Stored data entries
lemma xi_deriv_le_rate:
  fixes w x yr yi z h h0 c l \<sigma> \<xi>0 b :: real
  defines "\<xi> \<equiv> x^2 + (1 + w) / 2 * z^2"
  assumes w: "-1 \<le> w" "w \<le> 1" and c: "c > 0" and l: "l > 0" and h0: "0 < h0" "h0 \<le> h"
    and \<xi>_le: "\<xi> \<le> \<xi>0" and \<xi>0_le: "\<xi>0 \<le> (1 + w) / 2"
    and constr: "x^2 + 4 * yr^2 + z^2 = 1 - \<sigma> / h^2"
    and yi: "sqrt 2 * \<bar>yi\<bar> * h / l \<le> b"
  shows "2 * x * ((- x + 4 * c * yr * yi + x * \<xi>) * h)
           + (1 + w) / 2 * (2 * z * ((- (1 + w) / 2 + \<xi>) * z * h))
         \<le> 2 * sqrt (2 * \<xi>0) * b * c * l * sqrt (1 + \<bar>\<sigma>\<bar> / h0^2)"
proof -
  have "h > 0" using h0 by linarith
  have "\<xi> \<le> (1 + w) / 2" using \<xi>_le \<xi>0_le by linarith
  have "0 \<le> (1 + w) / 2 * z^2" using w(1) by simp
  then have "x^2 \<le> \<xi>0" using \<xi>_le unfolding \<xi>_def by linarith
  have "2 * x * ((- x + 4 * c * yr * yi + x * \<xi>) * h)
           + (1 + w) / 2 * (2 * z * ((- (1 + w) / 2 + \<xi>) * z * h))
         \<le> 8 * c * h * x * yr * yi"
    using xi_deriv_le_coupling[OF w \<open>h > 0\<close>] \<open>\<xi> \<le> (1 + w) / 2\<close> unfolding \<xi>_def by blast
  also have "\<dots> \<le> 2 * sqrt (2 * \<xi>0) * b * c * l * sqrt (1 + \<bar>\<sigma>\<bar> / h0^2)"
    using coupling_le_rate[OF c l h0 \<open>x^2 \<le> \<xi>0\<close> constr yi] .
  finally show ?thesis .
qed

theorem mainTheorem4:
  fixes c l w \<sigma> :: real
    and I :: "real set"
    and x yr yi z h :: "real \<Rightarrow> real"
    and tb \<xi>0 :: real
  assumes c_pos: "c > 0" and l_pos: "l > 0" and w_range: "-1 \<le> w" "w \<le> 1"
    and I_int: "is_interval I"
    and h_pos: "\<And>t. t \<in> I \<Longrightarrow> h t > 0"
    and z_nonneg: "\<And>t. t \<in> I \<Longrightarrow> z t \<ge> 0"
    and dx: "\<And>t. t \<in> I \<Longrightarrow> (x has_real_derivative
              ((- x t + 4 * c * yr t * yi t + x t * xi_fun w x z t) * h t)) (at t within I)"
    and dyr: "\<And>t. t \<in> I \<Longrightarrow> (yr has_real_derivative
              ((xi_fun w x z t * yr t - c * x t * yi t) * h t)) (at t within I)"
    and dyi: "\<And>t. t \<in> I \<Longrightarrow> (yi has_real_derivative
              ((xi_fun w x z t * yi t + c * x t * yr t) * h t)) (at t within I)"
    and dz: "\<And>t. t \<in> I \<Longrightarrow> (z has_real_derivative
              ((- (1 + w) / 2 + xi_fun w x z t) * z t * h t)) (at t within I)"
    and dh: "\<And>t. t \<in> I \<Longrightarrow> (h has_real_derivative
              (- xi_fun w x z t * (h t)^2)) (at t within I)"
    and constr1: "\<And>t. t \<in> I \<Longrightarrow> (x t)^2 + 4 * (yr t)^2 + (z t)^2 = 1 - \<sigma> / (h t)^2"
    and constr2: "\<And>t. t \<in> I \<Longrightarrow> (yr t)^2 + (yi t)^2 = l^2 / (2 * (h t)^2)"
    and sigma_neg: "\<sigma> < 0"
    and tb_in: "tb \<in> I"
    and xi0_pos: "\<xi>0 > 0"
    and xi0_ge: "xi_fun w x z tb \<le> \<xi>0"
    and xi0_le: "\<xi>0 \<le> (1 + w) / 2"
    and nonempty: "{t \<in> I. t \<ge> tb \<and> xi_fun w x z t = \<xi>0} \<noteq> {}"
  shows "let t0 = Inf {t \<in> I. t \<ge> tb \<and> xi_fun w x z t = \<xi>0};
             b = (SUP t\<in>{tb..t0}. sqrt 2 * \<bar>yi t\<bar> * h t / l)
         in t0 - tb \<ge> 1 / (2 * sqrt (2 * \<xi>0)) * (1 / (b * c * l))
                       * ((\<xi>0 - xi_fun w x z tb) / sqrt (1 + \<bar>\<sigma>\<bar> / (h t0)^2))"
proof -
  define X where "X = xi_fun w x z"
  define X' where "X' t = 2 * x t * ((- x t + 4 * c * yr t * yi t + x t * X t) * h t)
      + (1 + w) / 2 * (2 * z t * ((- (1 + w) / 2 + X t) * z t * h t))" for t
  define t0 where "t0 = Inf {t \<in> I. tb \<le> t \<and> X t = \<xi>0}"
  define b where "b = (SUP t\<in>{tb..t0}. sqrt 2 * \<bar>yi t\<bar> * h t / l)"
  define M where "M = 2 * sqrt (2 * \<xi>0) * b * c * l * sqrt (1 + \<bar>\<sigma>\<bar> / (h t0)^2)"
  have dX: "(X has_real_derivative X' t) (at t within I)" if "t \<in> I" for t
    unfolding X_def X'_def by (rule xi_fun_has_real_derivative[OF dx[OF that] dz[OF that]])
  have t0: "t0 \<in> I" "tb \<le> t0"
    using first_hitting_time_mem[OF I_int DERIV_continuous_on[OF dX] tb_in] nonempty
    unfolding t0_def X_def by auto
  have sub: "{tb..t0} \<subseteq> I" using Icc_subset_interval[OF I_int tb_in t0(1)] .
  have h_ge: "h t0 \<le> h t" if "t \<in> {tb..t0}" for t
    using antimono_on_of_deriv_nonpos[OF I_int dh] xi_fun_nonneg[OF w_range(1)] that sub t0(1)
    by (auto dest: monotone_onD)
  have yi_le: "sqrt 2 * \<bar>yi t\<bar> * h t / l \<le> b" if "t \<in> {tb..t0}" for t
    unfolding b_def using that l_pos sub continuous_on_subset[OF DERIV_continuous_on[OF dh]]
      continuous_on_subset[OF DERIV_continuous_on[OF dyi]]
    by (intro le_SUP_of_continuous_on_Icc continuous_intros) auto
  have X'_le: "X' t \<le> M" if "t \<in> {tb..t0}" "X t \<le> \<xi>0" for t
  proof -
    have "t \<in> I" using that(1) sub by blast
    from xi_deriv_le_rate[OF w_range c_pos l_pos h_pos[OF t0(1)] h_ge[OF that(1)]
        that(2)[unfolded X_def xi_fun_def] xi0_le constr1[OF \<open>t \<in> I\<close>] yi_le[OF that(1)]]
    show ?thesis unfolding X'_def M_def X_def xi_fun_def .
  qed
  have "(\<xi>0 - X tb) / M \<le> t0 - tb"
    using X'_le nonempty xi0_ge unfolding t0_def X_def
    by (intro first_hitting_time_lower_bound[OF I_int dX[unfolded X_def] tb_in]) auto
  moreover have "1 / (2 * sqrt (2 * \<xi>0)) * (1 / (b * c * l))
      * ((\<xi>0 - X tb) / sqrt (1 + \<bar>\<sigma>\<bar> / (h t0)^2)) = (\<xi>0 - X tb) / M"
    unfolding M_def by simp
  ultimately show ?thesis
    unfolding Let_def X_def[symmetric] t0_def[symmetric] b_def[symmetric] by linarith
qed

# ACTIVITY
Reproduce the records exactly, keeping every line.

# PROBLEM SOLUTION
lemma xi_deriv_le_rate:
  fixes w x yr yi z h h0 c l \<sigma> \<xi>0 b :: real
  defines "\<xi> \<equiv> x^2 + (1 + w) / 2 * z^2"
  assumes w: "-1 \<le> w" "w \<le> 1" and c: "c > 0" and l: "l > 0" and h0: "0 < h0" "h0 \<le> h"
    and \<xi>_le: "\<xi> \<le> \<xi>0" and \<xi>0_le: "\<xi>0 \<le> (1 + w) / 2"
    and constr: "x^2 + 4 * yr^2 + z^2 = 1 - \<sigma> / h^2"
    and yi: "sqrt 2 * \<bar>yi\<bar> * h / l \<le> b"
  shows "2 * x * ((- x + 4 * c * yr * yi + x * \<xi>) * h)
           + (1 + w) / 2 * (2 * z * ((- (1 + w) / 2 + \<xi>) * z * h))
         \<le> 2 * sqrt (2 * \<xi>0) * b * c * l * sqrt (1 + \<bar>\<sigma>\<bar> / h0^2)"
proof -
  have "h > 0" using h0 by linarith
  have "\<xi> \<le> (1 + w) / 2" using \<xi>_le \<xi>0_le by linarith
  have "0 \<le> (1 + w) / 2 * z^2" using w(1) by simp
  then have "x^2 \<le> \<xi>0" using \<xi>_le unfolding \<xi>_def by linarith
  have "2 * x * ((- x + 4 * c * yr * yi + x * \<xi>) * h)
           + (1 + w) / 2 * (2 * z * ((- (1 + w) / 2 + \<xi>) * z * h))
         \<le> 8 * c * h * x * yr * yi"
    using xi_deriv_le_coupling[OF w \<open>h > 0\<close>] \<open>\<xi> \<le> (1 + w) / 2\<close> unfolding \<xi>_def by blast
  also have "\<dots> \<le> 2 * sqrt (2 * \<xi>0) * b * c * l * sqrt (1 + \<bar>\<sigma>\<bar> / h0^2)"
    using coupling_le_rate[OF c l h0 \<open>x^2 \<le> \<xi>0\<close> constr yi] .
  finally show ?thesis .
qed

theorem mainTheorem4:
  fixes c l w \<sigma> :: real
    and I :: "real set"
    and x yr yi z h :: "real \<Rightarrow> real"
    and tb \<xi>0 :: real
  assumes c_pos: "c > 0" and l_pos: "l > 0" and w_range: "-1 \<le> w" "w \<le> 1"
    and I_int: "is_interval I"
    and h_pos: "\<And>t. t \<in> I \<Longrightarrow> h t > 0"
    and z_nonneg: "\<And>t. t \<in> I \<Longrightarrow> z t \<ge> 0"
    and dx: "\<And>t. t \<in> I \<Longrightarrow> (x has_real_derivative
              ((- x t + 4 * c * yr t * yi t + x t * xi_fun w x z t) * h t)) (at t within I)"
    and dyr: "\<And>t. t \<in> I \<Longrightarrow> (yr has_real_derivative
              ((xi_fun w x z t * yr t - c * x t * yi t) * h t)) (at t within I)"
    and dyi: "\<And>t. t \<in> I \<Longrightarrow> (yi has_real_derivative
              ((xi_fun w x z t * yi t + c * x t * yr t) * h t)) (at t within I)"
    and dz: "\<And>t. t \<in> I \<Longrightarrow> (z has_real_derivative
              ((- (1 + w) / 2 + xi_fun w x z t) * z t * h t)) (at t within I)"
    and dh: "\<And>t. t \<in> I \<Longrightarrow> (h has_real_derivative
              (- xi_fun w x z t * (h t)^2)) (at t within I)"
    and constr1: "\<And>t. t \<in> I \<Longrightarrow> (x t)^2 + 4 * (yr t)^2 + (z t)^2 = 1 - \<sigma> / (h t)^2"
    and constr2: "\<And>t. t \<in> I \<Longrightarrow> (yr t)^2 + (yi t)^2 = l^2 / (2 * (h t)^2)"
    and sigma_neg: "\<sigma> < 0"
    and tb_in: "tb \<in> I"
    and xi0_pos: "\<xi>0 > 0"
    and xi0_ge: "xi_fun w x z tb \<le> \<xi>0"
    and xi0_le: "\<xi>0 \<le> (1 + w) / 2"
    and nonempty: "{t \<in> I. t \<ge> tb \<and> xi_fun w x z t = \<xi>0} \<noteq> {}"
  shows "let t0 = Inf {t \<in> I. t \<ge> tb \<and> xi_fun w x z t = \<xi>0};
             b = (SUP t\<in>{tb..t0}. sqrt 2 * \<bar>yi t\<bar> * h t / l)
         in t0 - tb \<ge> 1 / (2 * sqrt (2 * \<xi>0)) * (1 / (b * c * l))
                       * ((\<xi>0 - xi_fun w x z tb) / sqrt (1 + \<bar>\<sigma>\<bar> / (h t0)^2))"
proof -
  define X where "X = xi_fun w x z"
  define X' where "X' t = 2 * x t * ((- x t + 4 * c * yr t * yi t + x t * X t) * h t)
      + (1 + w) / 2 * (2 * z t * ((- (1 + w) / 2 + X t) * z t * h t))" for t
  define t0 where "t0 = Inf {t \<in> I. tb \<le> t \<and> X t = \<xi>0}"
  define b where "b = (SUP t\<in>{tb..t0}. sqrt 2 * \<bar>yi t\<bar> * h t / l)"
  define M where "M = 2 * sqrt (2 * \<xi>0) * b * c * l * sqrt (1 + \<bar>\<sigma>\<bar> / (h t0)^2)"
  have dX: "(X has_real_derivative X' t) (at t within I)" if "t \<in> I" for t
    unfolding X_def X'_def by (rule xi_fun_has_real_derivative[OF dx[OF that] dz[OF that]])
  have t0: "t0 \<in> I" "tb \<le> t0"
    using first_hitting_time_mem[OF I_int DERIV_continuous_on[OF dX] tb_in] nonempty
    unfolding t0_def X_def by auto
  have sub: "{tb..t0} \<subseteq> I" using Icc_subset_interval[OF I_int tb_in t0(1)] .
  have h_ge: "h t0 \<le> h t" if "t \<in> {tb..t0}" for t
    using antimono_on_of_deriv_nonpos[OF I_int dh] xi_fun_nonneg[OF w_range(1)] that sub t0(1)
    by (auto dest: monotone_onD)
  have yi_le: "sqrt 2 * \<bar>yi t\<bar> * h t / l \<le> b" if "t \<in> {tb..t0}" for t
    unfolding b_def using that l_pos sub continuous_on_subset[OF DERIV_continuous_on[OF dh]]
      continuous_on_subset[OF DERIV_continuous_on[OF dyi]]
    by (intro le_SUP_of_continuous_on_Icc continuous_intros) auto
  have X'_le: "X' t \<le> M" if "t \<in> {tb..t0}" "X t \<le> \<xi>0" for t
  proof -
    have "t \<in> I" using that(1) sub by blast
    from xi_deriv_le_rate[OF w_range c_pos l_pos h_pos[OF t0(1)] h_ge[OF that(1)]
        that(2)[unfolded X_def xi_fun_def] xi0_le constr1[OF \<open>t \<in> I\<close>] yi_le[OF that(1)]]
    show ?thesis unfolding X'_def M_def X_def xi_fun_def .
  qed
  have "(\<xi>0 - X tb) / M \<le> t0 - tb"
    using X'_le nonempty xi0_ge unfolding t0_def X_def
    by (intro first_hitting_time_lower_bound[OF I_int dX[unfolded X_def] tb_in]) auto
  moreover have "1 / (2 * sqrt (2 * \<xi>0)) * (1 / (b * c * l))
      * ((\<xi>0 - X tb) / sqrt (1 + \<bar>\<sigma>\<bar> / (h t0)^2)) = (\<xi>0 - X tb) / M"
    unfolding M_def by simp
  ultimately show ?thesis
    unfolding Let_def X_def[symmetric] t0_def[symmetric] b_def[symmetric] by linarith
qed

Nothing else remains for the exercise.